Information on soil properties is required for a variety of purposes, such as precision agriculture or forestry, soil quality assessment, soil mapping or soil conservation. It is necessary to collect a large amount of analytical data within soil examination. The collection and subsequent analysis of soil samples using traditional methods is time consuming and costly [1, 2]. Therefore, indirect measurements and predictions of soil properties using mathematical models are increasingly being used. Several studies have shown that spectroscopy in the visible (VIS) and near-infrared (NIR) region of the electromagnetic spectrum is a suitable method for assessing soil properties. The models published so far are not universal and are only relevant under specific conditions and for certain soil groups. This study aims at assessing the applicability of spectroscopy in the evaluation of properties of forest soils in the Czech Republic based on the relationships between spectral features and soil properties determined by traditional laboratory methods. More than 4,500 samples taken from whole soil profiles were used for this assessment. Appropriate combinations of data preparation methods (1st and 2nd derivatives [3], continuum removal) and statistical techniques of partial least squares regression (PLSR), support vector machines (SVM) and principal component regression (PCR) were tested to develop predictive models.

THE METHODS

The study was carried out using 4,680 samples taken from whole soil profiles using a soil probe or from excavated soil material. Some of the soil samples were obtained from the Department of Soil Science and Soil Protection at the Czech University of Life Sciences in Prague, the rest were borrowed from other departments. The sampling sites were chosen to cover the whole territory of the Czech Republic and to include different forest soil types. The sampling sites were located at different altitudes and in forests with different species composition. The study did not deal with field measurements; only dried samples treated to fine soil I (particle size < 2 mm) were used [4]. This eliminated the influence of soil moisture, which is essential on the spectral curves and hinders the field application of the method to a great extent. Selected analyses were performed with soil samples using conventional methods (Tab. 1).
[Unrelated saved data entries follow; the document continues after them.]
(* Consider any economy $\mathcal{E}$ (as in the context). If firm $f$ and worker $w$ form a top-top match in state $\theta$ (i.e. in market $\mathcal{M}(\theta)$, $w$ is $f$'s favorite worker among all workers and $f$ is $w$'s favorite firm among all firms), then $f$ and $w$ are matched to each other in state $\theta$ under every BNE (with truthfully reporting firms).
   Context: Matching market: $(F,W,U)$ with finite firms, finite workers, utilities of each firm from each worker and each worker from each firm; unmatched utility $0$; all preferences strict; all pairs mutually acceptable. An economy is $\mathcal{E}=(F,W,\{U(\theta)\}_{\theta\in\Theta},\Theta,\Psi)$ with finite state set $\Theta$, full-support prior $\Psi$, market $\mathcal{M}(\theta)=(F,W,U(\theta))$ in state $\theta$; workers' utilities are state-independent, firms' may depend on $\theta$; each $\mathcal{M}(\theta)$ has a unique stable matching. Game: state drawn by $\Psi$; firms observe it; each worker knows only his own preferences; all simultaneously submit rank-ordered lists of acceptable partners; firm-proposing Deferred Acceptance is run on the reports. Firms report truthfully; a worker's strategy is one list; a BNE is a profile in which each worker's list maximizes his expected utility under $\Psi$ given the others' strategies. *)

theory Defs
  imports Complex_Main
begin

text \<open>Firms have type 'f, workers 'w, states 's.  uF s f w is firm f's utility from
  worker w in state s; uW w f is worker w's (state-independent) utility from firm f.
  Being unmatched gives utility 0.\<close>

definition is_matching :: "'f set \<Rightarrow> 'w set \<Rightarrow> ('f \<times> 'w) set \<Rightarrow> bool" where
  "is_matching F W M \<longleftrightarrow> M \<subseteq> F \<times> W \<and>
     (\<forall>f w w'. (f,w) \<in> M \<longrightarrow> (f,w') \<in> M \<longrightarrow> w = w') \<and>
     (\<forall>f f' w. (f,w) \<in> M \<longrightarrow> (f',w) \<in> M \<longrightarrow> f = f')"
Tab. 1. Used methods of conventional analysis

The spectra were measured in samples treated to fine soil I in Petri dishes using a FieldSpec 3 spectrometer (ASD Inc., USA) with a High Intensity Contact Probe (Fig. 1). The range of the spectrometer is 350–2,500 nm.

Fig. 1. FieldSpec 3 spectrometer (photo: Josef Kratina)

The program Statistica 12 (StatSoft) was used to determine basic statistical descriptive characteristics. The program ViewSpec Pro 6.0 (ASD Inc.) was used to pre-process the spectral data, namely, to smooth the spectral curves (splice correction). The R program (R Core Team) was used to adjust the spectra using continuum removal. The programs Unscrambler X 10.3 (CAMO Software) and R (R Core Team) were used for their calibration (partial least squares regression, support vector machines, principal components regression).

The relationship between spectral features and soil properties, which were obtained using traditional laboratory methods, was evaluated statistically. The appropriateness of using different data preparation methods such as 1st and 2nd derivative or continuum removal (unification of spectral curves obtained with different instruments or under different light conditions) was tested. Published models for predicting soil characteristics from spectral features were tested, their parameters were adjusted, or new models were created using statistical methods of PLSR, PCR and SVM. For the statistical evaluation, not only all the data were used together, but they were also divided into subsets by sampling area and by horizon to describe the most appropriate data entry method for successful prediction. The effect of the spectral band used on the success of the prediction was also tested. Some properties are better predicted using the entire VNIR spectrum, while for others it is more appropriate to use only a selected spectral band, which is chosen either experimentally or based on the literature [14–17].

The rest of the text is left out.